Les députés bulgares rejettent une nouvelle taxe sur le transit du gaz russe

Mardi, le parlement bulgare a rejeté une proposition visant à réintroduire une taxe supplémentaire sur le transit du gaz russe vers l’Europe centrale, une législation qui aurait pu provoquer le courroux de la Serbie et de la Hongrie.

EURACTIV Bulgarie
National Assembly of Bulgaria
Le Parlement bulgare a répondu à la menace de Viktor Orbán et a annulé, en décembre 2023, la taxe, qui devait rapporter 1,2 milliard d'euros par an. [[Getty Images]]

SOFIA — Mardi, le parlement bulgare a rejeté une proposition visant à réintroduire une taxe supplémentaire sur le transit du gaz russe vers l’Europe centrale, une législation qui aurait pu provoquer le courroux de la Serbie et de la Hongrie.

En octobre 2023, la Bulgarie a introduit une taxe de 10 euros par MWh de gaz russe transitant par son territoire, ce qui a incité la Hongrie à menacer de bloquer l’adhésion de la Bulgarie à l’espace Schengen.

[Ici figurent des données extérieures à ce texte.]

(* Let $\varphi(x)$ be a first-order formula of quantifier rank at most $q$ over a finite modal signature, and suppose $\varphi$ is invariant under graded bisimulation $\sim_{\mathrm{C}}$ on the class of all pointed Kripke structures (respectively, on the class of all finite pointed Kripke structures). Let $\ell=2^q-1$. Then for every pointed Kripke structure (respectively, every finite pointed Kripke structure) $\mathcal{M},w$ such that $\mathcal{M}\restriction N^\ell(w),w$ is rooted tree-like, we have $$\mathcal{M}\models\varphi[w]\iff \mathcal{M}\restriction N^\ell(w)\models\varphi[w].$$
   Context: A finite modal signature consists of a finite set $I$ of agents and a finite set $J$ of basic propositions. A Kripke structure is $\mathcal{M}=(W,(E_i)_{i\in I},(P_j)_{j\in J})$ with $W\neq\emptyset$, $E_i\subseteq W\times W$, $P_j\subseteq W$, viewed as a relational structure with binary relations $E_i$ and unary relations $P_j$; a pointed Kripke structure $\mathcal{M},w$ has a distinguished world $w$, and $\varphi(x)$ is evaluated by assigning $w$ to $x$. $E_i[u]=\{v:(u,v)\in E_i\}$. A graded bisimulation between $\mathcal{M}$ and $\mathcal{M}'=(W',(E'_i),(P'_j))$ is a non-empty relation $Z\subseteq W\times W'$ such that for all $(u,u')\in Z$: (atom equivalence) $u\in P_j\iff u'\in P'_j$ for all $j$; (graded forth) for every $i$ and $k\ge1$ and pairwise distinct $v_1,\dots,v_k\in E_i[u]$ there are pairwise distinct $v'_1,\dots,v'_k\in E'_i[u']$ with $(v_m,v'_m)\in Z$ for all $m$; (graded back) symmetrically. $\mathcal{M},w\sim_{\mathrm{C}}\mathcal{M}',w'$ if such $Z$ exists with $(w,w')\in Z$. The $\ell$-neighbourhood $N^\ell(w)$ of $w$ is the set of worlds at distance at most $\ell$ from $w$ in the undirected graph on $W$ whose edges are given by the union of the symmetrisations of all $E_i$; $\mathcal{M}\restriction N^\ell(w)$ is the induced substructure on $N^\ell(w)$. $\mathcal{M}\restriction N^\ell(w),w$ is rooted tree-like (equivalently, $\mathcal{M},w$ is rooted tree-like to depth $\ell$) if, within $N^\ell(w)$, the symmetrisations of the $E_i$ are pairwise disjoint, their union is acyclic (so it forms an undirected tree with root $w$), and every $E_i$-edge within $N^\ell(w)$ is directed away from the root $w$. *)

theory Defs
  imports Main
begin

record ('w, 'i, 'j) kripke =
  worlds :: "'w set"
  rel    :: "'i \<Rightarrow> ('w \<times> 'w) set"
  val    :: "'j \<Rightarrow> 'w set"

definition wf_kripke :: "('w, 'i, 'j) kripke \<Rightarrow> bool" where
  "wf_kripke M \<longleftrightarrow> worlds M \<noteq> {}
     \<and> (\<forall>i. rel M i \<subseteq> worlds M \<times> worlds M)
     \<and> (\<forall>j. val M j \<subseteq> worlds M)"

definition graded_bisim ::
  "('w, 'i, 'j) kripke \<Rightarrow> ('v, 'i, 'j) kripke \<Rightarrow> ('w \<times> 'v) set \<Rightarrow> bool" where
  "graded_bisim M M' Z \<longleftrightarrow> Z \<noteq> {} \<and> Z \<subseteq> worlds M \<times> worlds M' \<and>
     (\<forall>(u, u') \<in> Z.
        (\<forall>j. u \<in> val M j \<longleftrightarrow> u' \<in> val M' j) \<and>
        (\<forall>i vs. vs \<noteq> [] \<and> distinct vs \<and> set vs \<subseteq> rel M i `` {u} \<longrightarrow>
           (\<exists>vs'. distinct vs' \<and> set vs' \<subseteq> rel M' i `` {u'} \<and>
                  list_all2 (\<lambda>a b. (a, b) \<in> Z) vs vs')) \<and>
        (\<forall>i vs'. vs' \<noteq> [] \<and> distinct vs' \<and> set vs' \<subseteq> rel M' i `` {u'} \<longrightarrow>
           (\<exists>vs. distinct vs \<and> set vs \<subseteq> rel M i `` {u} \<and>
                  list_all2 (\<lambda>a b. (a, b) \<in> Z) vs vs')))"

definition gbisimilar ::
  "('w, 'i, 'j) kripke \<Rightarrow> 'w \<Rightarrow> ('v, 'i, 'j) kripke \<Rightarrow> 'v \<Rightarrow> bool" where
  "gbisimilar M w M' w' \<longleftrightarrow> (\<exists>Z. graded_bisim M M' Z \<and> (w, w') \<in> Z)"

datatype ('i, 'j) fo =
    FEq nat nat
  | FRel 'i nat nat
  | FPred 'j nat
  | FNeg "('i, 'j) fo"
  | FConj "('i, 'j) fo" "('i, 'j) fo"
  | FDisj "('i, 'j) fo" "('i, 'j) fo"
  | FEx nat "('i, 'j) fo"
  | FAll nat "('i, 'j) fo"

fun fv :: "('i, 'j) fo \<Rightarrow> nat set" where
  "fv (FEq x y) = {x, y}"
| "fv (FRel i x y) = {x, y}"
| "fv (FPred j x) = {x}"
| "fv (FNeg f) = fv f"
| "fv (FConj f g) = fv f \<union> fv g"
| "fv (FDisj f g) = fv f \<union> fv g"
| "fv (FEx x f) = fv f - {x}"
| "fv (FAll x f) = fv f - {x}"

fun qr :: "('i, 'j) fo \<Rightarrow> nat" where
  "qr (FEq x y) = 0"
| "qr (FRel i x y) = 0"
| "qr (FPred j x) = 0"
| "qr (FNeg f) = qr f"
| "qr (FConj f g) = max (qr f) (qr g)"
| "qr (FDisj f g) = max (qr f) (qr g)"
| "qr (FEx x f) = Suc (qr f)"
| "qr (FAll x f) = Suc (qr f)"

fun sat :: "('w, 'i, 'j) kripke \<Rightarrow> (nat \<Rightarrow> 'w) \<Rightarrow> ('i, 'j) fo \<Rightarrow> bool" where
  "sat M v (FEq x y) \<longleftrightarrow> v x = v y"
| "sat M v (FRel i x y) \<longleftrightarrow> (v x, v y) \<in> rel M i"
| "sat M v (FPred j x) \<longleftrightarrow> v x \<in> val M j"
| "sat M v (FNeg f) \<longleftrightarrow> \<not> sat M v f"
| "sat M v (FConj f g) \<longleftrightarrow> sat M v f \<and> sat M v g"
| "sat M v (FDisj f g) \<longleftrightarrow> sat M v f \<or> sat M v g"
| "sat M v (FEx x f) \<longleftrightarrow> (\<exists>a \<in> worlds M. sat M (v(x := a)) f)"
| "sat M v (FAll x f) \<longleftrightarrow> (\<forall>a \<in> worlds M. sat M (v(x := a)) f)"

text \<open>M |= phi[w] for a formula phi(x) whose only free variable is x:
  the world w is assigned to x (and, harmlessly, to every other variable).\<close>
definition holds_at :: "('w, 'i, 'j) kripke \<Rightarrow> 'w \<Rightarrow> ('i, 'j) fo \<Rightarrow> bool" where
  "holds_at M w f \<longleftrightarrow> sat M (\<lambda>_. w) f"

definition gbisim_invariant ::
  "(('u, 'i, 'j) kripke \<Rightarrow> bool) \<Rightarrow> ('i, 'j) fo \<Rightarrow> bool" where
  "gbisim_invariant C f \<longleftrightarrow>
     (\<forall>M w M' w'. wf_kripke M \<and> wf_kripke M' \<and> C M \<and> C M' \<and>
        w \<in> worlds M \<and> w' \<in> worlds M' \<and> gbisimilar M w M' w' \<longrightarrow>
        (holds_at M w f \<longleftrightarrow> holds_at M' w' f))"

definition ugraph :: "('w, 'i, 'j) kripke \<Rightarrow> ('w \<times> 'w) set" where
  "ugraph M = (\<Union>i. rel M i \<union> (rel M i)\<inverse>)"

definition nbhd :: "('w, 'i, 'j) kripke \<Rightarrow> nat \<Rightarrow> 'w \<Rightarrow> 'w set" where
  "nbhd M l w = {u. \<exists>n \<le> l. (w, u) \<in> ugraph M ^^ n}"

Le parlement bulgare a répondu à la menace de Viktor Orbán et a annulé en décembre 2023 la taxe, qui devait rapporter 1,2 milliard d’euros par an.

Début 2025, après l’adhésion de la Bulgarie et de la Roumanie à l’espace Schengen, des propositions visant à introduire la taxe sur le transit du gaz russe ont refait surface à Sofia.

Le parti libéral pro-européen We Continue the Change (« Nous continuons le changement ») a proposé de réintroduire la même taxe, alors même que le gazoduc Balkan Stream — qui passe par la Bulgarie — restait la seule voie de transit pour le gaz russe vers l’Union europénne (UE).

Le 1er janvier, l’Ukraine a interrompu le transit du gaz vers l’UE après l’expiration de son contrat avec la Russie.

Assen Vassilev, l’ancien ministre des Finances de We Continue the Change, a fait valoir la nécessité d’introduire la redevance en même temps que des mesures visant à réduire le déficit budgétaire en 2025.

« Nous sommes déjà dans l’espace Schengen et la Hongrie n’est pas membre de la zone euro, et ne peut pas nous empêcher d’être acceptés dans la zone euro », a commenté l’ancien ministre lors du débat au parlement. « Le budget de l’État a un besoin urgent de recettes. »

Assen Vassilev a expliqué que la taxe serait payée par les pays étrangers, citant l’exemple de la Turquie, qui a augmenté ses taxes pour les navires étrangers traversant le détroit du Bosphore à plusieurs reprises depuis le début de la guerre menée par la Russie en Ukraine.

Temenuzhka Petkova, qui a été ministre de l’Énergie dans deux gouvernements du parti GERB de l’ex-premier ministre Boïko Borissov et qui est aujourd’hui la favorite pour devenir ministre des Finances dans un futur gouvernement dominé par le GERB, a déclaré : « Cela semble bien, mais il n’y a aucune chance pour que cela se produise ».

Selon elle, pour obliger Gazprom à payer cette redevance, il faudrait renégocier les conditions de transit du gaz russe. Mardi, le parlement bulgare a accepté les arguments du GERB et a rejeté la proposition de restitution de la redevance.

Boïko Borissov, tête de file du GERB — le plus grand parti de Bulgarie — et Roumen Radev, président de la Bulgarie, ont démontré à plusieurs reprises qu’ils entretenaient des relations étroites avec Viktor Orban, le Premier ministre hongrois.

En octobre 2023, le parti GERB a voté en faveur de la redevance avec We Continue the Change, et Boïko Borissov a admis par la suite que la Bulgarie voulait forcer l’Autriche à lever son veto à Schengen en menaçant d’augmenter les prix du gaz.